Input 9 : plot('line','d(0):d(1)',0,8,0.1)
 

The values of x0 and x1 at any time are at the perimeter of a circle-liked loop. This example is actually a model for 'predator-prey' in ecology and x0 and x1 are the populations of the predator and the prey and they follow the a closed loop of change, meaning that the populations of the two species are changed in synchronization and the changes is repeated periodically.
Ordinary differential equation with second order derivative can also be solved by 'rkode'. Below is an example demonstrates this :

Solve the equation for t from 0 to 10 :

d2x/d2t + 10x = step(t-3) where 

step(t-3) = 1 if t >= 3
          = 0 if t <  3 

Initial condition xt=0 = 0, dx/dtt=0 = 1

Here we rename t as 't0'. x as 'x0'. But in this case, we also set a new variable 'x1' to be dx/dt.
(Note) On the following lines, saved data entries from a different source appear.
lemma tr_hend_Lf_Ed: "p ! l ! i = Ed l' i' \<Longrightarrow>
   tr_hend p qs \<sigma> l (Lf i) = Ed (pos \<sigma> l' (fst (leaf_at (qs ! l') i'))) (snd (leaf_at (qs ! l') i'))"
  by (simp add: tr_hend_def)

lemma subst_perm_corollas:
  assumes wf: "wf_og X" and P: "ports_perm f g X"
  shows "subst X (map (\<lambda>v. perm_corolla (f v) (length (X ! v))) [0..<length X]) [0..<length X]
       = permute_ports f g X"
    (is "subst X ?qs ?\<sigma> = _")
proof (rule nth_equalityI)
  fix x assume "x < length (subst X ?qs ?\<sigma>)"
  then have x: "x < length X" by simp
  show "subst X ?qs ?\<sigma> ! x = permute_ports f g X ! x"
  proof (rule nth_equalityI)
    fix i assume "i < length (subst X ?qs ?\<sigma> ! x)"
    then have i: "i < length (X ! x)" using x by (simp add: subst_nth rank_upt)
    have lhs: "subst X ?qs ?\<sigma> ! x ! i = tr_hend X ?qs ?\<sigma> x (Lf (f x i))"
      using x i by (simp add: subst_nth rank_upt perm_corolla_nth)
    show "subst X ?qs ?\<sigma> ! x ! i = permute_ports f g X ! x ! i"
    proof (cases "X ! x ! f x i")
      case (Lf k)
      then show ?thesis using lhs x i tr_hend_Lf_Lf[OF Lf] by (simp add: permute_ports_nth)
    next
      case (Ed l' i')
      have l': "l' < length X" "i' < length (X ! l')"
        using wf_og_partner[OF wf x ports_permD(1)[OF P x i] Ed] by blast+
      have "leaf_at (perm_corolla (f l') (length (X ! l'))) (f l' (g l' i')) = (0, g l' i')"
        using leaf_at_perm_corolla[OF bij_betw_ports_perm[OF P l'(1)] ports_permD(2)[OF P l']] .
      then have "leaf_at (?qs ! l') i' = (0, g l' i')" using ports_permD(3)[OF P l'] l'(1) by simp
      then show ?thesis using lhs x i Ed tr_hend_Lf_Ed[OF Ed] pos_upt[OF l'(1)]
        by (simp add: permute_ports_nth)
    qed
  qed (use x in \<open>simp add: subst_nth rank_upt\<close>)
qed simp

lemma subst_corollas:
  "wf_og X \<Longrightarrow> subst X (map (\<lambda>v. corolla (length (X ! v))) [0..<length X]) [0..<length X] = X"
  using subst_perm_corollas[OF _ ports_perm_id] unfolding permute_ports_id corolla_eq_perm_corolla .

lemma subst_into_perm_corolla:
  assumes wf: "wf_og T" and d: "num_leaves T \<le> d"
  shows "subst (perm_corolla s d) [T] (replicate (length T) 0) = relabel_leaves s T"
    (is "subst _ _ ?\<sigma> = _")
proof (rule nth_equalityI)
  fix x assume "x < length (subst (perm_corolla s d) [T] ?\<sigma>)"
  then have x: "x < length T" by simp
  show "subst (perm_corolla s d) [T] ?\<sigma> ! x = relabel_leaves s T ! x"
  proof (rule nth_equalityI)
    fix i assume "i < length (subst (perm_corolla s d) [T] ?\<sigma> ! x)"
    then have i: "i < length (T ! x)" using x by (simp add: subst_nth rank_replicate_0)
    have lhs: "subst (perm_corolla s d) [T] ?\<sigma> ! x ! i = tr_hend (perm_corolla s d) [T] ?\<sigma> 0 (T ! x ! i)"
      using x i by (simp add: subst_nth rank_replicate_0)
    show "subst (perm_corolla s d) [T] ?\<sigma> ! x ! i = relabel_leaves s T ! x ! i"
    proof (cases "T ! x ! i")
      case (Lf m)
      have "m < d" using wf_og_leaf_label_lt[OF wf x i Lf] d by simp
      then show ?thesis using lhs x i Lf tr_hend_Lf_Lf perm_corolla_nth relabel_leaves_nth by simp
    next
      case (Ed w j)
      have "w < length T" using wf_og_partner[OF wf x i Ed] by blast
      then show ?thesis using lhs x i Ed pos_replicate_0 relabel_leaves_nth by simp
    qed
  qed (use x in \<open>simp add: subst_nth rank_replicate_0\<close>)
qed simp

section \<open>Rerooting\<close>

definition reroot :: "og \<Rightarrow> og" where
  "reroot G = permute_ports (\<lambda>v. front_perm (leaf_port G 0 v)) (\<lambda>v. front_perm_inv (leaf_port G 0 v)) G"

lemma ports_perm_reroot: "ports_perm (\<lambda>v. front_perm (leaf_port G 0 v)) (\<lambda>v. front_perm_inv (leaf_port G 0 v)) G"
  unfolding ports_perm_def using leaf_port_lt_length front_perm_lt front_perm_inv_lt by simp

lemma length_reroot [simp]: "length (reroot G) = length G"
  and length_reroot_nth [simp]: "v < length G \<Longrightarrow> length (reroot G ! v) = length (G ! v)"
  by (simp_all add: reroot_def)

lemma reroot_nth: "v < length G \<Longrightarrow> i < length (G ! v) \<Longrightarrow>
    reroot G ! v ! i = port_rename (\<lambda>w. front_perm_inv (leaf_port G 0 w)) (G ! v ! front_perm (leaf_port G 0 v) i)"
  unfolding reroot_def by (rule permute_ports_nth)

lemma reroot_nth_front_perm_inv: "v < length G \<Longrightarrow> m < length (G ! v) \<Longrightarrow>
    reroot G ! v ! front_perm_inv (leaf_port G 0 v) m = port_rename (\<lambda>w. front_perm_inv (leaf_port G 0 w)) (G ! v ! m)"
  unfolding reroot_def by (rule permute_ports_at_inverse[OF ports_perm_reroot])

lemma cyc_tree_reroot: "cyc_tree G \<Longrightarrow> cyc_tree (reroot G)"
  unfolding reroot_def by (rule cyc_tree_permute_ports[OF ports_perm_reroot])

lemma rooted_reroot:
  assumes T: "cyc_tree G"
  shows "rooted (reroot G)"
  unfolding rooted_iff_toward_leaf
proof (intro conjI allI impI)
  fix v assume "v < length (reroot G)"
  then have v: "v < length G" by simp
  note tree = cyc_treeD(1)[OF T] and wf = cyc_treeD(2)[OF T] and leaves = cyc_treeD(3)[OF T]
  let ?\<delta> = "leaf_port G 0 v"
  have toward: "toward_leaf G 0 v ?\<delta>" by (rule toward_leaf_leaf_port[OF tree v leaves])
  then have pos: "0 < length (G ! v)" unfolding toward_leaf_def by linarith
  have "reroot G ! v ! 0 = port_rename (\<lambda>w. front_perm_inv (leaf_port G 0 w)) (G ! v ! ?\<delta>)"
    using reroot_nth[OF v pos] by (simp add: front_perm_def)
  moreover have "adj_avoid (reroot G) v = adj_avoid G v"
    unfolding reroot_def by (rule adj_avoid_permute_ports[OF ports_perm_reroot])
  moreover have "fst (leaf_at (reroot G) 0) = fst (leaf_at G 0)"
    unfolding reroot_def using leaf_at_permute_ports[OF ports_perm_reroot wf leaves] by simp
  ultimately show "toward_leaf (reroot G) 0 v 0"
    using toward pos v unfolding toward_leaf_def by (cases "G ! v ! ?\<delta>") auto
qed (rule cyc_tree_reroot[OF T])

lemma leaf_port_rooted:
  assumes R: "rooted G" and v: "v < length G"
  shows "leaf_port G 0 v = 0"
proof -
  have T: "cyc_tree G" and "toward_leaf G 0 v 0" using R v unfolding rooted_iff_toward_leaf by blast+
  then show ?thesis using leaf_port_eqI[OF cyc_treeD(1)[OF T] v cyc_treeD(3)[OF T]] by blast
qed

lemma reroot_rooted:
  assumes R: "rooted G"
  shows "reroot G = G"
proof (rule nth_equalityI)
  fix v assume "v < length (reroot G)"
  then have v: "v < length G" by simp
  have wf: "wf_og G" using cyc_treeD(2) rooted_imp_cyc_tree[OF R] .
  show "reroot G ! v = G ! v"
  proof (rule nth_equalityI)
    fix i assume "i < length (reroot G ! v)"
    then have i: "i < length (G ! v)" using v by simp
    show "reroot G ! v ! i = G ! v ! i"
    proof (cases "G ! v ! i")
      case (Ed w j)
      then have "w < length G" using wf_og_partner[OF wf v i] by blast
      then show ?thesis using reroot_nth[OF v i] Ed leaf_port_rooted[OF R] v by simp
    qed (use reroot_nth[OF v i] leaf_port_rooted[OF R v] in simp)
  qed (use v in simp)
qed simp

lemma toward_leaf_relabel_leaves:
  assumes wf: "wf_og G" and s: "bij_betw s {..<num_leaves G} {..<num_leaves G}" and k: "k < num_leaves G"
    and v: "v < length G"
  shows "toward_leaf (relabel_leaves s G) (s k) v i \<longleftrightarrow> toward_leaf G k v i"
proof (cases "i < length (G ! v)")
  case True
  have "relabel_leaves s G ! v ! i = Lf (s k) \<longleftrightarrow> G ! v ! i = Lf k"
  proof
    assume "relabel_leaves s G ! v ! i = Lf (s k)"
    then obtain m where m: "G ! v ! i = Lf m" "s k = s m" using relabel_leaves_Lf_iff[OF v True] by blast
    then have "m < num_leaves G" using wf_og_leaf_label_lt[OF wf v True] by blast
    then show "G ! v ! i = Lf k" using m k s unfolding bij_betw_def inj_on_def by auto
  qed (simp add: relabel_leaves_nth[OF v True])
  then show ?thesis unfolding toward_leaf_def
    using relabel_leaves_Ed_iff[OF v True] leaf_at_relabel_leaves[OF wf s k] v by simp
qed (simp add: toward_leaf_def v)

lemma leaf_port_relabel_leaves:
  assumes "wf_og G" "bij_betw s {..<num_leaves G} {..<num_leaves G}" "k < num_leaves G" "v < length G"
  shows "leaf_port (relabel_leaves s G) (s k) v = leaf_port G k v"
proof -
  have "toward_leaf (relabel_leaves s G) (s k) v = toward_leaf G k v"
    using toward_leaf_relabel_leaves[OF assms] by blast
  then show ?thesis unfolding leaf_port_def by (simp only:)
qed

definition reroot_inserts :: "og \<Rightarrow> og list \<Rightarrow> og list" where
  "reroot_inserts p qs = map (\<lambda>l. reroot (relabel_leaves (front_perm_inv (leaf_port p 0 l)) (qs ! l))) [0..<length p]"

section \<open>The root-ward port of a substituted vertex\<close>

text \<open>The data of a morphism out of p whose target is q = subst p qs \<sigma>
  (cf. valid_subst_iff).\<close>

locale subst_tree =
  fixes p :: og and qs :: "og list" and \<sigma> :: "nat list"
  assumes cyc_tree_p: "cyc_tree p"
    and length_qs: "length qs = length p"
    and cyc_tree_qs: "\<And>l. l < length p \<Longrightarrow> cyc_tree (qs ! l)"
    and leaves_qs: "\<And>l. l < length p \<Longrightarrow> num_leaves (qs ! l) = length (p ! l)"
    and set_assign: "set \<sigma> \<subseteq> {..<length p}"
    and length_fiber_qs: "\<And>l. l < length p \<Longrightarrow> length (fiber \<sigma> l) = length (qs ! l)"
begin

abbreviation "q \<equiv> subst p qs \<sigma>"

abbreviation block_adj :: "nat \<Rightarrow> nat \<Rightarrow> (nat \<times> nat) set" where
  "block_adj m x0 \<equiv> {(a, b). pos \<sigma> m a \<noteq> x0 \<and> pos \<sigma> m b \<noteq> x0 \<and> adj (qs ! m) a b}"

lemma wf_p: "wf_og p" and tree_p: "is_tree p" and leaves_p: "0 < num_leaves p"
  using cyc_treeD[OF cyc_tree_p] by simp_all

lemma wf_qs: "l < length p \<Longrightarrow> wf_og (qs ! l)" and tree_qs: "l < length p \<Longrightarrow> is_tree (qs ! l)"
  using cyc_treeD[OF cyc_tree_qs] by simp_all

lemma conn_qs: "l < length p \<Longrightarrow> og_connected (qs ! l)"
  using tree_qs unfolding is_tree_def by blast

lemma assign_lt: "x < length \<sigma> \<Longrightarrow> \<sigma> ! x < length p"
  using set_assign nth_mem by blast

lemma rank_lt_qs: "x < length \<sigma> \<Longrightarrow> rank \<sigma> x < length (qs ! (\<sigma> ! x))"
  using rank_lt[of x \<sigma>] length_fiber_qs[OF assign_lt] by simp

lemma pos_qs:
  assumes "l < length p" "r < length (qs ! l)"
  shows "pos \<sigma> l r < length \<sigma>" "\<sigma> ! pos \<sigma> l r = l" "rank \<sigma> (pos \<sigma> l r) = r"
  using pos_spec[of r \<sigma> l] length_fiber_qs[OF assms(1)] assms(2) by simp_all

lemma length_q_nth: "x < length \<sigma> \<Longrightarrow> length (q ! x) = length (qs ! (\<sigma> ! x) ! rank \<sigma> x)"
  by (simp add: subst_nth)

lemma q_nth_nth: "x < length \<sigma> \<Longrightarrow> i < length (q ! x) \<Longrightarrow> q ! x ! i = tr_hend p qs \<sigma> (\<sigma> ! x) (qs ! (\<sigma> ! x) ! rank \<sigma> x ! i)"
  by (simp add: subst_nth)

lemma leaf_at_qs:
  assumes "l < length p" "m < length (p ! l)"
  shows "fst (leaf_at (qs ! l) m) < length (qs ! l)" "snd (leaf_at (qs ! l) m) < length (qs ! l ! fst (leaf_at (qs ! l) m))"
    "qs ! l ! fst (leaf_at (qs ! l) m) ! snd (leaf_at (qs ! l) m) = Lf m"
  using leaf_at_spec[OF wf_qs[OF assms(1)]] leaves_qs[OF assms(1)] assms(2) by simp_all

lemma leaf_label_qs_lt:
  assumes "l < length p" "r < length (qs ! l)" "c < length (qs ! l ! r)" "qs ! l ! r ! c = Lf m"
  shows "m < length (p ! l)"
  using wf_og_leaf_label_lt[OF wf_qs[OF assms(1)] assms(2-4)] leaves_qs[OF assms(1)] by simp

lemma partner_qs_lt:
  assumes "l < length p" "r < length (qs ! l)" "c < length (qs ! l ! r)" "qs ! l ! r ! c = Ed w j"
  shows "w < length (qs ! l)" "j < length (qs ! l ! w)"
  using wf_og_partner[OF wf_qs[OF assms(1)] assms(2-4)] by blast+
With this change, the original second order differential equation would separate into two first order differential equations :

Solve the equation for t from 0 to 10 :

dx0/dt0 = x1
dx1/dt0 = step(t0-3) - 10 x0

where,

step(t-3) = 1 if t >= 3
          = 0 if t <  3

Initial conditions : x0t0=0 = 0, x1t0=0 = 1

Input 10 : r=rkode('x1|step(t0-3)-10*x0','0|1',0,10,0.1)
 

To plot x0 against t0,

Input 11 : d=r(1)
 

Input 12 : plot('line','r(0):d(0)',0,10,0.1)
 

The plot is shown below :

The above example is actually the equation describing a damped oscillation of a particle attached to a spring with an external constant force equal to one acting on it when t >= 3.